Glutathione is a major thiol molecule in mammals that plays a key role in cellular resistance to oxidative and nitrosative damage by eliminating toxic oxidation products and reducing oxidized forms. Measurements of GSH, GSSG, and their relative ratios are indices of oxidation status as biomarkers of oxidative stress status that are sensitive and useful as indicators of the disease risk in humans. Blood and tissue contain concentrations of GSH in millimolar amounts and its oxidized form is in low micromolar concentrations (29) GSH levels decrease with age (30).

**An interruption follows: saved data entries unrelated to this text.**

lemma cptw_set_K_adj_remove:
  assumes "i \<in> V" "finite V" "V - {i} \<noteq> {}"
    and w: "\<And>u. u \<in> V - {i} \<Longrightarrow> 0 < w {i, u} \<and> w {i, u} < 1"
    and "0 < \<alpha>" "\<alpha> < 1"
  shows "cptw_set V K_adj w (V - {i}) \<alpha> = nat \<lceil>log (\<Prod>u\<in>V - {i}. 1 - w {i, u}) (1 - \<alpha>)\<rceil>"
proof -
  have "0 < (\<Prod>u\<in>V - {i}. 1 - w {i, u}) \<and> (\<Prod>u\<in>V - {i}. 1 - w {i, u}) < 1"
    using assms(2,3) w by (intro prod_pos_less_1) auto
  moreover have "\<forall>u\<in>V - {i}. 0 \<le> w {i, u} \<and> w {i, u} \<le> 1"
    using w by (simp add: less_imp_le)
  ultimately show ?thesis
    unfolding cptw_set_def
    using prob_ptw_le_K_adj_remove[OF assms(1,2)] assms(5,6) by (simp add: Least_one_minus_power_ge)
qed

lemma cptw_K_adj:
  fixes w :: "nat set \<Rightarrow> real"
  assumes "finite V" "card V \<ge> 2"
    and w: "\<And>i j. i \<in> V \<Longrightarrow> j \<in> V \<Longrightarrow> i \<noteq> j \<Longrightarrow> 0 < w {i, j} \<and> w {i, j} < 1"
    and "0 < \<alpha>" "\<alpha> < 1"
  defines "P \<equiv> \<lambda>i. \<Prod>j\<in>V - {i}. 1 - w {i, j}"
  shows "cptw V K_adj w \<alpha> = nat \<lceil>log (Min (P ` V)) (1 - \<alpha>)\<rceil>"
proof -
  let ?c = "\<lambda>p. nat \<lceil>log p (1 - \<alpha>)\<rceil>"
  note nonempty = Diff_singleton_nonempty_if_card_ge_2[OF assms(2)]
  have P_in: "P i \<in> {0<..<1}" if "i \<in> V" for i
  proof -
    have "0 < P i \<and> P i < 1"
      unfolding P_def using assms(1) nonempty by (intro prod_pos_less_1) (use w that in auto)
    then show ?thesis by simp
  qed
  have "mono_on {0<..<1} ?c"
    using assms(4,5) by (intro mono_onI nat_mono ceiling_mono log_base_mono_below_1) auto
  then have "?c (Min (P ` V)) = Min (?c ` P ` V)"
    using assms(1,2) P_in by (intro mono_on_Min_commute) auto
  also have "?c ` P ` V = (\<lambda>B. cptw_set V K_adj w B \<alpha>) ` (\<lambda>i. V - {i}) ` V"
    unfolding image_image P_def
    by (intro image_cong refl cptw_set_K_adj_remove[symmetric] assms(1,4,5) nonempty w) auto
  finally show ?thesis
    unfolding cptw_def minimum_zero_forcing_sets_K_adj[OF assms(1,2), symmetric]
    by (simp add: setcompr_eq_image)
qed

The GSH:GSSG ratio shows the large use of NADPH in the GSH and GSSG cycle reactions needed for defence against oxidative stress conditions due to the imbalance between free radical products and cellular defence systems that occur because of high metabolic activity. Thus, this ratio determines the maintenance of several mitochondrial functions, intramitochondrial redox status, calcium homeostasis, and the activity of several mitochondrial enzymes that contain sulfhydryl groups (4, 7). In ageing, a hypoperfusion condition results in high production of free radicals. Cellular glutathione peroxidase, as an intracellular primary antioxidant enzyme, increases its activity under these conditions, and as compensation, there is a decrease in GSH and an increase in GSSG, so the ratio of GSH:GSSG decreases. This was proven in the study by Coling et al. (8), which found that the ratio of GSH:GSSG in the lateral wall of the cochlea of Fisher-344 mice decreased with ageing and was significantly associated with presbycusis events, as well as in studies by Kasapoglu and Ozben (10), which found that ageing in humans correlated with a linear decrease in the ratio of GSH:GSSG. Based on the cut-off point, Table 2 shows that a low ratio of GSH:GSSH was significantly correlated with presbycusis (p = 0.003).

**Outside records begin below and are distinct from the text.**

lemma eigenbasis_quadratic_form:
  fixes A :: "complex mat"
  assumes A: "A \<in> carrier_mat n n" "hermitian A" and eb: "eigenbasis n A us es"
    and x: "x \<in> carrier_vec n"
  shows "Re ((A *\<^sub>v x) \<bullet>c x) = (\<Sum>k<n. es ! k * (cmod (x \<bullet>c us ! k))\<^sup>2)"
proof -
  have us: "orthonormal n us" and ev: "\<forall>k<n. A *\<^sub>v us ! k = complex_of_real (es ! k) \<cdot>\<^sub>v us ! k"
    using eb unfolding eigenbasis_def by blast+
  have Ax: "A *\<^sub>v x \<in> carrier_vec n" using A x by simp
  have coeff: "(A *\<^sub>v x) \<bullet>c us ! k = complex_of_real (es ! k) * (x \<bullet>c us ! k)" if k: "k < n" for k
  proof -
    have u: "us ! k \<in> carrier_vec n" using orthonormalD(2)[OF us k] .
    have "(A *\<^sub>v x) \<bullet>c us ! k = x \<bullet>c (A *\<^sub>v us ! k)" by (rule hermitian_cscalar_prod[OF A x u])
    also have "\<dots> = complex_of_real (es ! k) * (x \<bullet>c us ! k)"
      using ev k x u by (simp add: cscalar_prod_smult[of _ n])
    finally show ?thesis .
  qed
  have "(A *\<^sub>v x) \<bullet>c x = (\<Sum>k<n. ((A *\<^sub>v x) \<bullet>c us ! k) * cnj (x \<bullet>c us ! k))"
    by (rule orthonormal_parseval[OF us Ax x])
  also have "\<dots> = (\<Sum>k<n. complex_of_real (es ! k * (cmod (x \<bullet>c us ! k))\<^sup>2))"
    by (intro sum.cong refl) (simp add: coeff mult.assoc flip: complex_norm_square)
  finally show ?thesis by (simp add: Re_sum)
qed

Relationship of eGPx Activity and the GSH: GSSG Ratio with Presbycusis

We found that a high eGPx activity accompanied by a low GSH:GSSG ratio will present a 135-fold increased risk of presbycusis (OR = 135; 95% CI: 5.17–20,028.88). The magnitude of the risk from these statistical results reinforces the theory that ageing increases the antioxidant activity of eGPx as compensation for high levelsof free radicals. As a result, the GSH concentration decreased followed by an increase in the GSSG concentration, so the ratio of GSH:GSSG decreased. These results indicate that the values of these two parameters in the blood can be considered to reflect their levels in the cochlea, so the serum levels of these two parameters can be used as predictors of presbycusis occurrence.

CONCLUSION

High eGPx activity accompanied by a low GSH:GSSG ratio indicates a very strong risk of presbycusis (OR = 135, IK 95%: 5.17–20,028.88). Further research needs to be implemented on gene polymorphisms to determine the possible role of genetic factors, especially those that play a role in the metabolism of eGPx, GSH and GSSG during ageing. It is necessary to develop presbycusis management and preventative measures, which involves examination of the eGPx and GSH:GSSG ratio and the possibility of giving antioxidants as a therapeutic approach.